I hope this a result of everything being so new and the tooling and models will evolve to solve these issues over time.
danenania•2h ago
It has momentum and clearly a lot of folks are working on these shortcomings, so I could certainly see it becoming the de facto standard. But the issues we're talking about are pretty major ones that might need a more fundamental reimagining to address. Although it could also theoretically all be resolved by the models improving sufficiently, so who knows.
Also, cool to hear that you came across Plandex. Lmk what you think if you try it out!
wirehack•1h ago
danenania•1h ago
1. Giving the model too many choices. If you have a lot of options (like a bunch of MCP servers) what you often see in practice is that it's like a dice roll which option is chosen, even if the best choice is pretty obvious to a human. This is even tough when you just have a single branch in the prompt where the model has to choose path A or B. It's hard to get it to choose intelligently vs. randomly.

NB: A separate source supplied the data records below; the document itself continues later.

lemma power_law_rescaling:
  fixes A K q B y :: real
  assumes "q < 2" "B > 0" "y > 0"
  shows "B powr (2 / (2 - q)) * (A * (y * B powr (-1 / (2 - q)))^2
           - K * (y * B powr (-1 / (2 - q))) powr q / B) = A * y^2 - K * y powr q"
proof -
  define s where "s = B powr (-1 / (2 - q))"
  define P where "P = B powr (2 / (2 - q))"
  have "P * s^2 = B powr (2 / (2 - q) + (-1 / (2 - q) + -1 / (2 - q)))"
    by (simp only: P_def s_def power2_eq_square powr_add)
  also have "\<dots> = 1"
    using assms by (simp add: field_simps)
  finally have Ps2: "P * s^2 = 1" .
  have "2 / (2 - q) + -1 / (2 - q) * q = 1"
    using assms by (simp add: diff_divide_distrib[symmetric])
  moreover have "P * s powr q = B powr (2 / (2 - q) + -1 / (2 - q) * q)"
    by (simp only: P_def s_def powr_add powr_powr)
  ultimately have "P * s powr q = B powr 1"
    by simp
  also have "\<dots> = B"
    using assms by simp
  finally have Psq: "P * s powr q = B" .
  have "P * (A * (y * s)^2 - K * (y * s) powr q / B)
      = A * y^2 * (P * s^2) - K * y powr q * (P * s powr q) / B"
    using assms by (simp add: s_def powr_mult power_mult_distrib algebra_simps)
  also have "\<dots> = A * y^2 - K * y powr q"
    using Ps2 Psq \<open>B > 0\<close> by simp
  finally show ?thesis
    by (simp only: P_def s_def)
qed

lemma lower_crossing_of_sgn:
  fixes D :: "real \<Rightarrow> real \<Rightarrow> real" and q B m M x :: real
  assumes "B > 0" "m < x" "x < M"
  defines "s \<equiv> B powr (-1 / (2 - q))"
  assumes sgn_D: "\<forall>eps\<in>{m * s..M * s}. sgn (D eps B) = sgn (eps - x * s)"
  shows "lower_crossing D q m M B = x * s"
    and "D (x * s) B = 0"
    and "\<forall>\<^sub>F eps in at_left (x * s). D eps B < 0"
    and "\<forall>\<^sub>F eps in at_right (x * s). D eps B > 0"
proof -
  have "s > 0"
    using \<open>B > 0\<close> by (simp add: s_def)
  then have window: "m * s < x * s" "x * s < M * s"
    using assms by simp_all
  have "D eps B = 0 \<longleftrightarrow> eps = x * s" if "eps \<in> {m * s..M * s}" for eps
    using sgn_D that by (metis sgn_0_0 right_minus_eq)
  then have "{eps. m * s \<le> eps \<and> eps \<le> M * s \<and> D eps B = 0} = {x * s}"
    using window by auto
  then show "lower_crossing D q m M B = x * s" "D (x * s) B = 0"
    by (auto simp: lower_crossing_def s_def)
  show "\<forall>\<^sub>F eps in at_left (x * s). D eps B < 0"
    using eventually_at_left_real[OF window(1)]
  proof eventually_elim
    case (elim eps)
    with sgn_D window have "sgn (D eps B) = sgn (eps - x * s)"
      by auto
    with elim show ?case
      by (simp add: sgn_if split: if_splits)
  qed
  show "\<forall>\<^sub>F eps in at_right (x * s). D eps B > 0"
    using eventually_at_right_real[OF window(2)]
  proof eventually_elim
    case (elim eps)
    with sgn_D window have "sgn (D eps B) = sgn (eps - x * s)"
      by auto
    with elim show ?case
      by (simp add: sgn_if split: if_splits)
  qed
qed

2. Global scope. The prompts related to each MCP all get mixed together in the system prompt, along with the prompting for the tool that's integrating them. They can easily be modifying each other's behavior in unpredictable ways.
wirehack•19m ago
alasano•1h ago
The tools provided by the MCP server were definitely in context and there were only two or three servers with a small amount of tools enabled.
It feels too model dependant at the moment, this was Gemini 2.5 Pro which is normally state of the art but has lots of quirks for tool use it seems.
Agreed on hoping models are going to be trained to be better at using MCP.
danenania•50m ago
And then every time I try to add something new to the prompt, all the prompting for previously existing behavior often needs to be updated as well to account for the new stuff, even if it's in a totally separate 'branch' of the prompt flow/logic.
I'd anticipate that each individual MCP I wanted to add would require a similar process to ensure reliability.